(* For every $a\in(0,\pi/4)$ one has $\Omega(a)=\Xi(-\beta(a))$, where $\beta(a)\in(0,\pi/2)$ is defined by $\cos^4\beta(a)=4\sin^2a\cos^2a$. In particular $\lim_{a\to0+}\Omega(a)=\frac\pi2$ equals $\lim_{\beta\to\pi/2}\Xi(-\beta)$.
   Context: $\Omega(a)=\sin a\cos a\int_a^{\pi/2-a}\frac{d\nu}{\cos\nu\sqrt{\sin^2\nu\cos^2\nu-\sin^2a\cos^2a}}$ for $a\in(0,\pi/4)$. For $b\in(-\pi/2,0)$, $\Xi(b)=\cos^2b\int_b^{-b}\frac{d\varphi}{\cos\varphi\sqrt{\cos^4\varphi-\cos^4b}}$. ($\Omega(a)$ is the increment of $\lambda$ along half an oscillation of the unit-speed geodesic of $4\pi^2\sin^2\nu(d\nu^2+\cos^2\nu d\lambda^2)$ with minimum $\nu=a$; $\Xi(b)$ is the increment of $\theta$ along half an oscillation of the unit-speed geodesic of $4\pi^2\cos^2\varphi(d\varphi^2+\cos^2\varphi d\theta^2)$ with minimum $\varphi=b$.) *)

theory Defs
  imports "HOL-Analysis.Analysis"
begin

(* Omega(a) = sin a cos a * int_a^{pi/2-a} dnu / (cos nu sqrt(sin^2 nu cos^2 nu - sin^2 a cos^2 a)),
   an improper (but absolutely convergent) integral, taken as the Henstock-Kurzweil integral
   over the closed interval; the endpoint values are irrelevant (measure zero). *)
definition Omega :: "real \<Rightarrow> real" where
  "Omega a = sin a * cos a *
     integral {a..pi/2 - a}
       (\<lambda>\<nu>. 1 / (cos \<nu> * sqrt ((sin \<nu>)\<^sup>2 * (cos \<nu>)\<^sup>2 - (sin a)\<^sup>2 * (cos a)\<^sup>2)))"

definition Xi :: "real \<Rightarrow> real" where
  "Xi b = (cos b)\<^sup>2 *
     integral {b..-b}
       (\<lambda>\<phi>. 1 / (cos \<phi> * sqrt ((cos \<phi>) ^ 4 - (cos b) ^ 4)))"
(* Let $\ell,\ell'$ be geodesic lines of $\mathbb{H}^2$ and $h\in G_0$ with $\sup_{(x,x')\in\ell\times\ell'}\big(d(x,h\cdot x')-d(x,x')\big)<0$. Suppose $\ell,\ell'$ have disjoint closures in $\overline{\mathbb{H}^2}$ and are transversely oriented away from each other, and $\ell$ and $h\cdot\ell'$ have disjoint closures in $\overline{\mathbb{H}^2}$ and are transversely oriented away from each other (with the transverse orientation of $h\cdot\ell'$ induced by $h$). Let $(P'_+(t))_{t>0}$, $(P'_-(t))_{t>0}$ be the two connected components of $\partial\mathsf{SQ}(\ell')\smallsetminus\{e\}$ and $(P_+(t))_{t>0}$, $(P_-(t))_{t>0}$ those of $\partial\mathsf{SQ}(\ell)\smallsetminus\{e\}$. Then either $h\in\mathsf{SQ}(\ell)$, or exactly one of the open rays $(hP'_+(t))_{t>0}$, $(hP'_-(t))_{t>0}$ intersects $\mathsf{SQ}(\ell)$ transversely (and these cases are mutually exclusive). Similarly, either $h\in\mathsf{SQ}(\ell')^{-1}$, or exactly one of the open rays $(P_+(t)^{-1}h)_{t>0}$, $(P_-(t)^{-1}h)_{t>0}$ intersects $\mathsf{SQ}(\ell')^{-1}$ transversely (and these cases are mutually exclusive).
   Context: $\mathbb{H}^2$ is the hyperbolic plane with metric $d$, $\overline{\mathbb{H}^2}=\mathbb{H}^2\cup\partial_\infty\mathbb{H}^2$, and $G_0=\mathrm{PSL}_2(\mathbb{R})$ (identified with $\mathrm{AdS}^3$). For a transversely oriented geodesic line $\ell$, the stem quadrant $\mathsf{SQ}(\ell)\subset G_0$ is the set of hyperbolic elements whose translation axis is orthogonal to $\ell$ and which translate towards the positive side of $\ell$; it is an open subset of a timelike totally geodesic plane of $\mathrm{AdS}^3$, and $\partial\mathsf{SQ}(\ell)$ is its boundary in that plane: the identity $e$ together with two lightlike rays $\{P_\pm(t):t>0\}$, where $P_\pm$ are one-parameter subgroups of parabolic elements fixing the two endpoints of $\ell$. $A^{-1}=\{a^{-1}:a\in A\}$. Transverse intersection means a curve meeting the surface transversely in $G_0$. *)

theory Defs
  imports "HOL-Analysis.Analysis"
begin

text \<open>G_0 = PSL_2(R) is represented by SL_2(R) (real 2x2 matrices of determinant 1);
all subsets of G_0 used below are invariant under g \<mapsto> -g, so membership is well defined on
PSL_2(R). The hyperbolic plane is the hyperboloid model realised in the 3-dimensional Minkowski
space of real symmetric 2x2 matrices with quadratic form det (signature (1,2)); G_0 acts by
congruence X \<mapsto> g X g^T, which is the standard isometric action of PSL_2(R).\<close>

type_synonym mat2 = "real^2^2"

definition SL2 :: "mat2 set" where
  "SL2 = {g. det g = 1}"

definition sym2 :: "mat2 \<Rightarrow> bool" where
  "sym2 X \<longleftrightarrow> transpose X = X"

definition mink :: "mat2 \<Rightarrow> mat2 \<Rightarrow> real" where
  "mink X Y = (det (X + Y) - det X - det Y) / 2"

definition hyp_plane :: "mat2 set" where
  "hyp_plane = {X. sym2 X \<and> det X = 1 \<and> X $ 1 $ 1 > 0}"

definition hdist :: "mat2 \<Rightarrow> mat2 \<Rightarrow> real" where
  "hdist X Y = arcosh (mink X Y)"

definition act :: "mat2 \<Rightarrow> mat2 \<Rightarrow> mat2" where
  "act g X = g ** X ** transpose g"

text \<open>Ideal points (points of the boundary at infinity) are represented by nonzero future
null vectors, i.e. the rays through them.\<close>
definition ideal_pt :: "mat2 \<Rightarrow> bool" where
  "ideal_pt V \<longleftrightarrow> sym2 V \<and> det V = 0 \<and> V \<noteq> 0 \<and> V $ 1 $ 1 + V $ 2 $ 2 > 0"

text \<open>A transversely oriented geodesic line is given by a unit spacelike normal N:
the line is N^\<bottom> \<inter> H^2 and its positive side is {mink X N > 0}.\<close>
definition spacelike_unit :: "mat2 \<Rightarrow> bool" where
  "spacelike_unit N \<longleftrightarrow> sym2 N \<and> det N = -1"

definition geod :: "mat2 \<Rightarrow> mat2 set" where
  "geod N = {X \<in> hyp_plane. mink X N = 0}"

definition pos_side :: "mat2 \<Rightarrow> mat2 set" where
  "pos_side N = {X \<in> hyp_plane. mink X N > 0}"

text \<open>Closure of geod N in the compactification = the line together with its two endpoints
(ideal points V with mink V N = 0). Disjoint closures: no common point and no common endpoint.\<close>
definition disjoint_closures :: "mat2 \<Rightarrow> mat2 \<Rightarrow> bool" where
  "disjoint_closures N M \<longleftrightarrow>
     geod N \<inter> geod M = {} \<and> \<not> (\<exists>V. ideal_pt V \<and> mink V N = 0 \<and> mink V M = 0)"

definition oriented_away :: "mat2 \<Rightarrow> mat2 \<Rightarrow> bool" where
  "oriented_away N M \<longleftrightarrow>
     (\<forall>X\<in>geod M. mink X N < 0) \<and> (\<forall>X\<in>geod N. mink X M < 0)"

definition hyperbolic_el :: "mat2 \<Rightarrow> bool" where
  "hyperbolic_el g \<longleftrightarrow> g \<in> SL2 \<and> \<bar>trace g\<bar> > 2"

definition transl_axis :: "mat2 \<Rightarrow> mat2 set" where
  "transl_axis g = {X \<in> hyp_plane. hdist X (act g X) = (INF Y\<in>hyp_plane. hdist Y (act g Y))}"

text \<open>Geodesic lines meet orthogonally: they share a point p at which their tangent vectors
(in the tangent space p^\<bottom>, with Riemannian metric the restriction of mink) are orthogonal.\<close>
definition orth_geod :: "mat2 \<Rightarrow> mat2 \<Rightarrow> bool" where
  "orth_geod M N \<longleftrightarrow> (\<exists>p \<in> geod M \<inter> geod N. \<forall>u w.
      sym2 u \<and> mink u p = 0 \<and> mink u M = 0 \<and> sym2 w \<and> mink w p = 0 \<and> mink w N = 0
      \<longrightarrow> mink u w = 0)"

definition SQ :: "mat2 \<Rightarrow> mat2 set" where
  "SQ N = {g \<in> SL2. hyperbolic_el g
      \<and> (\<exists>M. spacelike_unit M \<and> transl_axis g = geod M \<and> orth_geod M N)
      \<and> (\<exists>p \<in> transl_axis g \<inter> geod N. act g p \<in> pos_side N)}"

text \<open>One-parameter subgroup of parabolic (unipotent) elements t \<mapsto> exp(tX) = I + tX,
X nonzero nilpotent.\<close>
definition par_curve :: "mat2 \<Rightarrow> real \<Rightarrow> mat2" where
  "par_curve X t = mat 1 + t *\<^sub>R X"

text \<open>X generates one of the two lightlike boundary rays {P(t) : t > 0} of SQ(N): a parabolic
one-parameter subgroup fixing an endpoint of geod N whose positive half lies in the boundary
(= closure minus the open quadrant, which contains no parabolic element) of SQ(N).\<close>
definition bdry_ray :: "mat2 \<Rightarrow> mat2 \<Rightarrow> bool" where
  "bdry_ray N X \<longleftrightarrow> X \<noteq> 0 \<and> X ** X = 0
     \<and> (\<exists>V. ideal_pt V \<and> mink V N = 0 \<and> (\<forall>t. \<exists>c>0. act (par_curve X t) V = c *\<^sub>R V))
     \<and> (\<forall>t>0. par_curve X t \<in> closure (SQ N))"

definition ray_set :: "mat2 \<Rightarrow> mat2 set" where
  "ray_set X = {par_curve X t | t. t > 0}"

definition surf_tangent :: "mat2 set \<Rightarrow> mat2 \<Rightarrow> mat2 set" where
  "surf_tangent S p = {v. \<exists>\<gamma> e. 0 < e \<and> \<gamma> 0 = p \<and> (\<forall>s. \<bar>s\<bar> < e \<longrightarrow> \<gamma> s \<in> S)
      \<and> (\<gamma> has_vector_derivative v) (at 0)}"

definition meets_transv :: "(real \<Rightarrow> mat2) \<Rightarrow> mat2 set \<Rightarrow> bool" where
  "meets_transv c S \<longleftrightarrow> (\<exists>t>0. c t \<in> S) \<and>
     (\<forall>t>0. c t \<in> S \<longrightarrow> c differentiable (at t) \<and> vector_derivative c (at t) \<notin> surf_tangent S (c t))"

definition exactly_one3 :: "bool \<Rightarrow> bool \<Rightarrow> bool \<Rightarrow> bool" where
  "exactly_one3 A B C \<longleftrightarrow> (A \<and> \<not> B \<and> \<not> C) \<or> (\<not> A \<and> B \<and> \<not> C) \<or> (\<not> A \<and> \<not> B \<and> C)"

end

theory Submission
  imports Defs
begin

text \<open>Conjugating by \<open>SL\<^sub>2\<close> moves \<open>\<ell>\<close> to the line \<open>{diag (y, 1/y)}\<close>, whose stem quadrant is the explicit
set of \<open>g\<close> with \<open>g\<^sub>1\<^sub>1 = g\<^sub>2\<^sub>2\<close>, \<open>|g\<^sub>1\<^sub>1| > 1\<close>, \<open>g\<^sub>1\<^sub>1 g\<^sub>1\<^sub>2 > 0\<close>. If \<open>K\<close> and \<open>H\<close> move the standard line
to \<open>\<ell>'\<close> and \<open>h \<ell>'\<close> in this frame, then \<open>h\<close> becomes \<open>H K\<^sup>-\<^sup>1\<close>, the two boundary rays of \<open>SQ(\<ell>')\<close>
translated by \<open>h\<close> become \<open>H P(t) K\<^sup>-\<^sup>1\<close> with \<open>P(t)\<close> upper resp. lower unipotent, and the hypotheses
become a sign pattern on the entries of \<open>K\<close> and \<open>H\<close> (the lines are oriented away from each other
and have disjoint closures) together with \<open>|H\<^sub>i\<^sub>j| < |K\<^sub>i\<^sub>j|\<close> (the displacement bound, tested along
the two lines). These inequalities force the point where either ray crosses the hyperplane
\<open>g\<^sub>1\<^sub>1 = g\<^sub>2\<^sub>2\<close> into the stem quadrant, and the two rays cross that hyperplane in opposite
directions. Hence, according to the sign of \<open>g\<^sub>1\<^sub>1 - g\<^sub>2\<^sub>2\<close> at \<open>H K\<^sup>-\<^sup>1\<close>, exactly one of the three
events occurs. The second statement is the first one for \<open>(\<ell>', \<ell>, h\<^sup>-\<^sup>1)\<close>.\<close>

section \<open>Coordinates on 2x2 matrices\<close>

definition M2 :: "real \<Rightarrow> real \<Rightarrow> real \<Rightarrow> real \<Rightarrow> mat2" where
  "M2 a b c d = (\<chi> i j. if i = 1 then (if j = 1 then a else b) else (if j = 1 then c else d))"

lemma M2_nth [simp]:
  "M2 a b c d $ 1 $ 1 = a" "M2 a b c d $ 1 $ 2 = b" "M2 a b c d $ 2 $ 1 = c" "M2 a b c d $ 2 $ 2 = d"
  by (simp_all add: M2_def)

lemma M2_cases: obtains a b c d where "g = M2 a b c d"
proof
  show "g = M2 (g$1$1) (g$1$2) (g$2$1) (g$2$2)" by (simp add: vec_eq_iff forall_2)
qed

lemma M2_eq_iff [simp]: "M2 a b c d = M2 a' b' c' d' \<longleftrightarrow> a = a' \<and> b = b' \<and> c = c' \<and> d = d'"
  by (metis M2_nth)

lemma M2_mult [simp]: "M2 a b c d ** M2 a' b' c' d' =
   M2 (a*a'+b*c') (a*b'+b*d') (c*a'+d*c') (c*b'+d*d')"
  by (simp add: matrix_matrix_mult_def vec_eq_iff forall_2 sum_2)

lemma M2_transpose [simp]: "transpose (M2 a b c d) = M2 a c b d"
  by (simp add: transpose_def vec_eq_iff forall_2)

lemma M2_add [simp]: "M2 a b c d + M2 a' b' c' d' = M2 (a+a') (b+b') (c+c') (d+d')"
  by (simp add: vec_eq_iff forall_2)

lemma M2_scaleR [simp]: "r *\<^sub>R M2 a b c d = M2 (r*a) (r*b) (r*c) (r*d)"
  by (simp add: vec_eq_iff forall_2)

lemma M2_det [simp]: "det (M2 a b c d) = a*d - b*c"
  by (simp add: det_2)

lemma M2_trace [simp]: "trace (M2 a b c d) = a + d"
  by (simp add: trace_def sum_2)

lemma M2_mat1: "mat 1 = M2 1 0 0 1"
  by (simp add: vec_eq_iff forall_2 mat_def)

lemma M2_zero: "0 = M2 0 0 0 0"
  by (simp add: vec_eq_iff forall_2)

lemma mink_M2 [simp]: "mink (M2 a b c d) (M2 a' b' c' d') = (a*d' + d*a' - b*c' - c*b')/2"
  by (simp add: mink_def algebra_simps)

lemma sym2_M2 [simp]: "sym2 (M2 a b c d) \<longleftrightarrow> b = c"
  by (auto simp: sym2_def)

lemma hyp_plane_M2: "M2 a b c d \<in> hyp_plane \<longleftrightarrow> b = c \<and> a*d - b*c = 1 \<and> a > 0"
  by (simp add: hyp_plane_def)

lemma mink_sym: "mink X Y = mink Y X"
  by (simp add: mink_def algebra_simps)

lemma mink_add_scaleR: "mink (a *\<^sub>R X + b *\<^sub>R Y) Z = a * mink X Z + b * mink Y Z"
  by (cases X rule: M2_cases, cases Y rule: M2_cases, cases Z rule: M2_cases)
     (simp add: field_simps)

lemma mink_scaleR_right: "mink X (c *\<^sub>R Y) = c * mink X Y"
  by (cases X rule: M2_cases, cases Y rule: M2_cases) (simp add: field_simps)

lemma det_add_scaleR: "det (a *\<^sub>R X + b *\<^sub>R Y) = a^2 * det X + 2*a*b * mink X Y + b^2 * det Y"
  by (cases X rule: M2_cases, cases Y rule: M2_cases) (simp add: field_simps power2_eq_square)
---
■ HOW TO COMPLETE THIS TASK
Your answer should be the exact lines above from the one with "text \<open>Ideal points" through the one with "text \<open>Closure of", both included, and nothing besides.

■ REPLY
text \<open>Ideal points (points of the boundary at infinity) are represented by nonzero future
null vectors, i.e. the rays through them.\<close>
definition ideal_pt :: "mat2 \<Rightarrow> bool" where
  "ideal_pt V \<longleftrightarrow> sym2 V \<and> det V = 0 \<and> V \<noteq> 0 \<and> V $ 1 $ 1 + V $ 2 $ 2 > 0"

text \<open>A transversely oriented geodesic line is given by a unit spacelike normal N:
the line is N^\<bottom> \<inter> H^2 and its positive side is {mink X N > 0}.\<close>
definition spacelike_unit :: "mat2 \<Rightarrow> bool" where
  "spacelike_unit N \<longleftrightarrow> sym2 N \<and> det N = -1"

definition geod :: "mat2 \<Rightarrow> mat2 set" where
  "geod N = {X \<in> hyp_plane. mink X N = 0}"

definition pos_side :: "mat2 \<Rightarrow> mat2 set" where
  "pos_side N = {X \<in> hyp_plane. mink X N > 0}"

text \<open>Closure of geod N in the compactification = the line together with its two endpoints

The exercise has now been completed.